Bucketing for sampling in Hadoop - Time & Space Complexity
When using bucketing for sampling in Hadoop, we want to know how the time to process data changes as the data grows.
We ask: How does bucketing affect the number of operations when sampling large datasets?
Analyze the time complexity of the following Hadoop code snippet.
FROM big_table
INSERT OVERWRITE TABLE sample_table
SELECT * FROM big_table TABLESAMPLE(BUCKET 10 OUT OF 100 ON id);
This code samples data by selecting 10 buckets out of 100 based on the 'id' column.
Look at what repeats when processing the data.
- Primary operation: Scanning all rows in the big_table to assign each to a bucket.
- How many times: Once for each row in the dataset.
As the dataset grows, the number of rows to scan grows too.
| Input Size (n) | Approx. Operations |
|---|---|
| 10 | 10 row checks |
| 100 | 100 row checks |
| 1000 | 1000 row checks |
Pattern observation: The operations grow directly with the number of rows; doubling rows doubles work.
Time Complexity: O(n)
This means the time to sample grows linearly with the size of the input data.

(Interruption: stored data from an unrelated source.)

lemma nn_integral_frac_exp:
  assumes x: "x > 0"
  shows "(\<integral>\<^sup>+t. ennreal (frac t * exp (-x*t)) * indicator {0..} t \<partial>lborel) = ennreal (planck_kernel x / x)"
proof -
  define w where "w = (1 - exp (-x) - x * exp (-x)) / x^2"
  have "w \<ge> 0"
  proof -
    have "(1+x) * exp (-x) \<le> exp x * exp (-x)"
      by (intro mult_right_mono exp_ge_add_one_self) auto
    then show ?thesis unfolding w_def by (simp add: algebra_simps flip: exp_add)
  qed
  have "(\<lambda>n. exp (-x) ^ n) sums (1 / (1 - exp (-x)))" using x by (intro geometric_sums) simp
  then have geometric: "(\<lambda>n. exp (-x) ^ n * w) sums (1 / (1 - exp (-x)) * w)" by (rule sums_mult2)
  have "(\<integral>\<^sup>+t. ennreal (frac t * exp (-x*t)) * indicator {0..} t \<partial>lborel)
      = (\<Sum>n. \<integral>\<^sup>+t. ennreal (frac t * exp (-x*t)) * indicator {real n..<real n + 1} t \<partial>lborel)"
    by (rule nn_integral_atLeast_0_split) measurable
  also have "\<dots> = (\<Sum>n. ennreal (exp (-x) ^ n * w))"
    by (simp only: nn_integral_frac_exp_unit_interval[OF x] w_def)
  also have "\<dots> = ennreal (1 / (1 - exp (-x)) * w)"
    using geometric \<open>w \<ge> 0\<close> by (subst suminf_ennreal2) (auto simp: sums_iff)
  also have "1 / (1 - exp (-x)) * w = planck_kernel x / x"
    using x exp_minus_inverse[of x] unfolding w_def planck_kernel_def
    by (simp add: field_simps power2_eq_square exp_minus)
  finally show ?thesis .
qed

lemma nn_integral_exp_atLeast_0:
  assumes a: "a > 0"
  shows "(\<integral>\<^sup>+x. ennreal (exp (-a*x)) * indicator {0..} x \<partial>lborel) = ennreal (1/a)"
proof -
  have "(\<integral>\<^sup>+x. ennreal (exp (-a*x)) * indicator {0..} x \<partial>lborel) = ennreal (0 - (- exp (-a*0)/a))"
  proof (rule nn_integral_FTC_atLeast)
    show "((\<lambda>x. - exp (-a*x)/a) \<longlongrightarrow> 0) at_top" using a by real_asymp
    show "((\<lambda>x. - exp (-a*x)/a) has_real_derivative exp (-a*x)) (at x)" for x
      using a by (auto intro!: derivative_eq_intros)
  qed auto
  then show ?thesis by simp
qed

lemma nn_integral_mult_exp_atLeast_0:
  assumes a: "a > 0"
  shows "(\<integral>\<^sup>+x. ennreal (x * exp (-a*x)) * indicator {0..} x \<partial>lborel) = ennreal (1/a^2)"
proof -
  have "(\<integral>\<^sup>+x. ennreal (x * exp (-a*x)) * indicator {0..} x \<partial>lborel) = ennreal (0 - (- (0/a + 1/a^2) * exp (-a*0)))"
  proof (rule nn_integral_FTC_atLeast)
    show "((\<lambda>x. - (x/a + 1/a^2) * exp (-a*x)) \<longlongrightarrow> 0) at_top" using a by real_asymp
    show "((\<lambda>x. - (x/a + 1/a^2) * exp (-a*x)) has_real_derivative x * exp (-a*x)) (at x)" for x
      using a by (auto intro!: derivative_eq_intros simp: field_simps power2_eq_square)
  qed auto
  then show ?thesis by simp
qed

lemma geometric_sums_one_minus_planck_kernel:
  assumes x: "x > 0"
  shows "(\<lambda>k. x * exp (-(real k + 1) * x)) sums (1 - x * planck_kernel x)"
proof -
  define q where "q = exp (-x)"
  have q: "0 < q" "q < 1" using x by (auto simp: q_def)
  have "(\<lambda>k. x * exp (-(real k + 1) * x)) = (\<lambda>k. (x * q) * q^k)"
    unfolding q_def by (simp add: fun_eq_iff exp_of_nat_mult[symmetric] exp_add[symmetric] algebra_simps)
  also have "\<dots> sums (x * q * (1 / (1 - q)))"
    using q by (intro sums_mult geometric_sums) auto
  also have "x * q * (1 / (1 - q)) = 1 - x * planck_kernel x"
    using x q exp_minus_inverse[of x] unfolding planck_kernel_def q_def
    by (simp add: field_simps exp_minus)
  finally show ?thesis .
qed

definition laplace_x_planck_kernel :: "real \<Rightarrow> ennreal" where
  "laplace_x_planck_kernel t = (\<integral>\<^sup>+x. ennreal (x * planck_kernel x * exp (-x*t)) * indicator {0..} x \<partial>lborel)"

lemma laplace_x_planck_kernel_measurable [measurable]: "laplace_x_planck_kernel \<in> borel_measurable borel"
  unfolding laplace_x_planck_kernel_def by measurable

lemma planck_kernel_plus_suminf_eq_exp:
  assumes x: "x > 0"
  shows "ennreal (x * planck_kernel x * exp (-x*t)) + (\<Sum>k. ennreal (x * exp (-(real k + 1 + t)*x))) = ennreal (exp (-x*t))"
proof -
  have "(\<lambda>k. x * exp (-(real k + 1 + t)*x)) = (\<lambda>k. x * exp (-(real k + 1) * x) * exp (-x*t))"
    by (simp add: fun_eq_iff algebra_simps flip: exp_add)
  also have "\<dots> sums ((1 - x * planck_kernel x) * exp (-x*t))"
    by (rule sums_mult2[OF geometric_sums_one_minus_planck_kernel[OF x]])
  finally have "(\<lambda>k. x * exp (-(real k + 1 + t)*x)) sums ((1 - x * planck_kernel x) * exp (-x*t))" .
  then have "(\<Sum>k. ennreal (x * exp (-(real k + 1 + t)*x))) = ennreal ((1 - x * planck_kernel x) * exp (-x*t))"
    using x by (subst suminf_ennreal2) (auto simp: sums_iff)
  moreover have "0 \<le> (1 - x * planck_kernel x) * exp (-x*t)"
    using sums_le[OF _ sums_zero geometric_sums_one_minus_planck_kernel[OF x]] x by simp
  moreover have "0 \<le> x * planck_kernel x * exp (-x*t)" using x planck_kernel_nonneg[of x] by simp
  ultimately have "ennreal (x * planck_kernel x * exp (-x*t)) + (\<Sum>k. ennreal (x * exp (-(real k + 1 + t)*x)))
      = ennreal (x * planck_kernel x * exp (-x*t) + (1 - x * planck_kernel x) * exp (-x*t))"
    by (simp only: ennreal_plus)
  also have "\<dots> = ennreal (exp (-x*t))" by (simp add: algebra_simps)
  finally show ?thesis .
qed

text \<open>In other words \<open>laplace_x_planck_kernel t = 1/t - \<psi>'(t + 1)\<close>, with \<open>\<psi>'\<close> the trigamma function.\<close>
lemma laplace_x_planck_kernel_plus_inverse_squares:
  assumes t: "t > 0"
  shows "laplace_x_planck_kernel t + (\<Sum>k. ennreal (1/(real k + 1 + t)^2)) = ennreal (1/t)"
proof -
  have "ennreal (1/t) = (\<integral>\<^sup>+x. ennreal (exp (-t*x)) * indicator {0..} x \<partial>lborel)"
    using nn_integral_exp_atLeast_0[OF t] by simp
  also have "\<dots> = (\<integral>\<^sup>+x. ennreal (x * planck_kernel x * exp (-x*t)) * indicator {0..} x
       + (\<Sum>k. ennreal (x * exp (-(real k + 1 + t)*x)) * indicator {0..} x) \<partial>lborel)"
  proof (intro nn_integral_cong_AE, use AE_lborel_singleton[of 0] in eventually_elim)
    fix x :: real assume "x \<noteq> 0"
    show "ennreal (exp (-t*x)) * indicator {0..} x = ennreal (x * planck_kernel x * exp (-x*t)) * indicator {0..} x
       + (\<Sum>k. ennreal (x * exp (-(real k + 1 + t)*x)) * indicator {0..} x)"
    proof (cases "x > 0")
      case True
      then show ?thesis using planck_kernel_plus_suminf_eq_exp[OF True, of t]
        by (simp add: mult.commute[of _ "indicator _ _"] distrib_left[symmetric])
    qed (use \<open>x \<noteq> 0\<close> in simp)
  qed
  also have "\<dots> = laplace_x_planck_kernel t
       + (\<integral>\<^sup>+x. (\<Sum>k. ennreal (x * exp (-(real k + 1 + t)*x)) * indicator {0..} x) \<partial>lborel)"
    unfolding laplace_x_planck_kernel_def by (rule nn_integral_add) measurable
  also have "(\<integral>\<^sup>+x. (\<Sum>k. ennreal (x * exp (-(real k + 1 + t)*x)) * indicator {0..} x) \<partial>lborel)
      = (\<Sum>k. \<integral>\<^sup>+x. ennreal (x * exp (-(real k + 1 + t)*x)) * indicator {0..} x \<partial>lborel)"
    by (rule nn_integral_suminf) measurable
  also have "\<dots> = (\<Sum>k. ennreal (1/(real k + 1 + t)^2))"
  proof -
    have "(\<integral>\<^sup>+x. ennreal (x * exp (-(real k + 1 + t)*x)) * indicator {0..} x \<partial>lborel) = ennreal (1/(real k + 1 + t)^2)" for k
      using nn_integral_mult_exp_atLeast_0[of "real k + 1 + t"] t by (simp add: mult.commute)
    then show ?thesis by simp
  qed
  finally show ?thesis by simp
qed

[X] Wrong: "Sampling with bucketing only processes the sampled buckets, so time stays the same no matter the data size."
[OK] Correct: Even to decide which rows belong to sampled buckets, all rows must be checked once, so time grows with data size.
Understanding how bucketing affects processing time helps you explain efficient data sampling in big data tools like Hadoop.
What if we increased the number of buckets sampled from 10 to 50? How would the time complexity change?